I’m having sinus surgery earlier than I expected so the past week has consisted of a lot of worry and panic attacks because I’m so nervous.
I was in major freak out mode a few weeks ago since I’ve been in so much pain and I couldn’t get ahold of my awesome ENT doctor for 2 days despite leaving several messages. All I’ve been taking is ibuprofen and that hasn’t done anything. At the time, his status was downgraded to mothertrucker but now it’s back up to awesome. It doesn’t hurt that he gave me a big bottle of pain meds.
When I went to see him last Friday, he showed me my CT scan and I couldn’t believe it. My sinuses on the left side are completely blocked with nearly half an inch of scar tissue and there’s also a polyp. Dr. Cool didn’t seem too concerned about the polyp and said he thinks once he opens up my sinuses, the polyp will clear up within six months.
While sitting there discussing the surgery with him, my daughter, who would go from racing around the room to sitting on my lap, had to show him where her nose was…..by sticking her finger up it and leaving it there. I tried to keep a straight face and would casually lower her hand but as soon as I would do that, her finger went right back into her nose.
I couldn’t help but laugh and at the same time be embarrassed but then my doctor was telling her that her finger is the perfect size for her nose so why not stick it up there. He called himself a professional nose picker. Dr. Cool indeed.
For the past 14 months I knew that something wasn’t right with my sinuses but the doctors I had previously (military Dr.’s in D.C.) would just brush it off. I had two CT scans when I was seeing these doctors and all they said was that it looked like there was some mucous in my nose and I just needed to blow it. For reals?!
I’ve been in this agonizing pain and so stressed because of it but they just told me to blow my nose! What a bunch of fu$k%ng ass#&%$s.

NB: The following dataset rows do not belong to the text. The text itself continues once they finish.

lemma symmetric_tail_dominance_projection_measure:
  assumes \<gamma>: "even_density \<gamma>" and p: "p \<in> subspherical \<gamma>" and e: "norm e = 1"
  shows "symmetric_tail_dominance (projection_measure p e) (projection_measure \<gamma> 1)"
proof -
  have p_density: "prob_density p" and p_even: "\<And>x. p (- x) = p x"
    and p_tail: "\<And>t. 0 \<le> t \<Longrightarrow> (\<integral>\<^sup>+\<xi>. ennreal (p \<xi>) * indicator {\<xi>. t \<le> e \<bullet> \<xi>} \<xi> \<partial>lborel)
          \<le> (\<integral>\<^sup>+s. ennreal (\<gamma> s) * indicator {t..} s \<partial>lborel)"
    using p e by (auto simp: subspherical_def even_density_def)
  have \<gamma>_density: "prob_density \<gamma>" and \<gamma>_even: "\<And>x. \<gamma> (- x) = \<gamma> x"
    using \<gamma> by (auto simp: even_density_def)
  have p_meas: "p \<in> borel_measurable lborel" and \<gamma>_meas: "\<gamma> \<in> borel_measurable lborel"
    using p_density \<gamma>_density by (auto simp: prob_density_def)
  have tail: "emeasure (projection_measure p e) {t..} \<le> emeasure (projection_measure \<gamma> 1) {t..}"
    if "0 \<le> t" for t
  proof -
    have "emeasure (projection_measure p e) {t..} = (\<integral>\<^sup>+\<xi>. ennreal (p \<xi>) * indicator {\<xi>. t \<le> e \<bullet> \<xi>} \<xi> \<partial>lborel)"
      by (simp add: emeasure_projection_measure[OF p_meas] indicator_def)
    also have "\<dots> \<le> (\<integral>\<^sup>+s. ennreal (\<gamma> s) * indicator {t..} s \<partial>lborel)"
      by (rule p_tail[OF that])
    also have "\<dots> = emeasure (projection_measure \<gamma> 1) {t..}"
      by (simp add: emeasure_projection_measure[OF \<gamma>_meas])
    finally show ?thesis .
  qed
  show ?thesis
    unfolding symmetric_tail_dominance_def symmetric_tail_dominance_axioms_def
    using prob_space_projection_measure[OF p_density] prob_space_projection_measure[OF \<gamma>_density]
      distr_projection_measure_uminus[OF p_meas p_even] distr_projection_measure_uminus[OF \<gamma>_meas \<gamma>_even]
      tail by simp
qed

It feels like my head is a balloon and someone keeps blowing it up to the point where it’s going to pop. The pressure and pain I have in my face is unreal. I’m counting down the days until I’ll finally have relief. In the meantime, I’ve been a raging, sleep-deprived bitch.
My surgery is scheduled for Tuesday and I’m so nervous. Dr. Cool assured me that it’s a simple procedure and there’s only 3 or 4 days of recovery but it has me in such a panic. I have a really low tolerance for pain and think of the worst case scenarios in these situations, like not waking up from the anesthesia.
My hubby just started teaching so he won’t be able to take time off except for the day of the surgery. We’re in the process of looking for a babysitter since we don’t live near any family. I’m not allowed to pick up my daughter the first couple of days after surgery and I’m the worst at taking it easy when I don’t feel well.
I was starting to feel desperate and thought I might need to have my mother-in-law come out to “help” instead, even though I know that would be a disaster. When I mentioned this to my mom, she said “Your cat would be more helpful and take better care of your little girl” than my MIL. Truer words have never been spoken.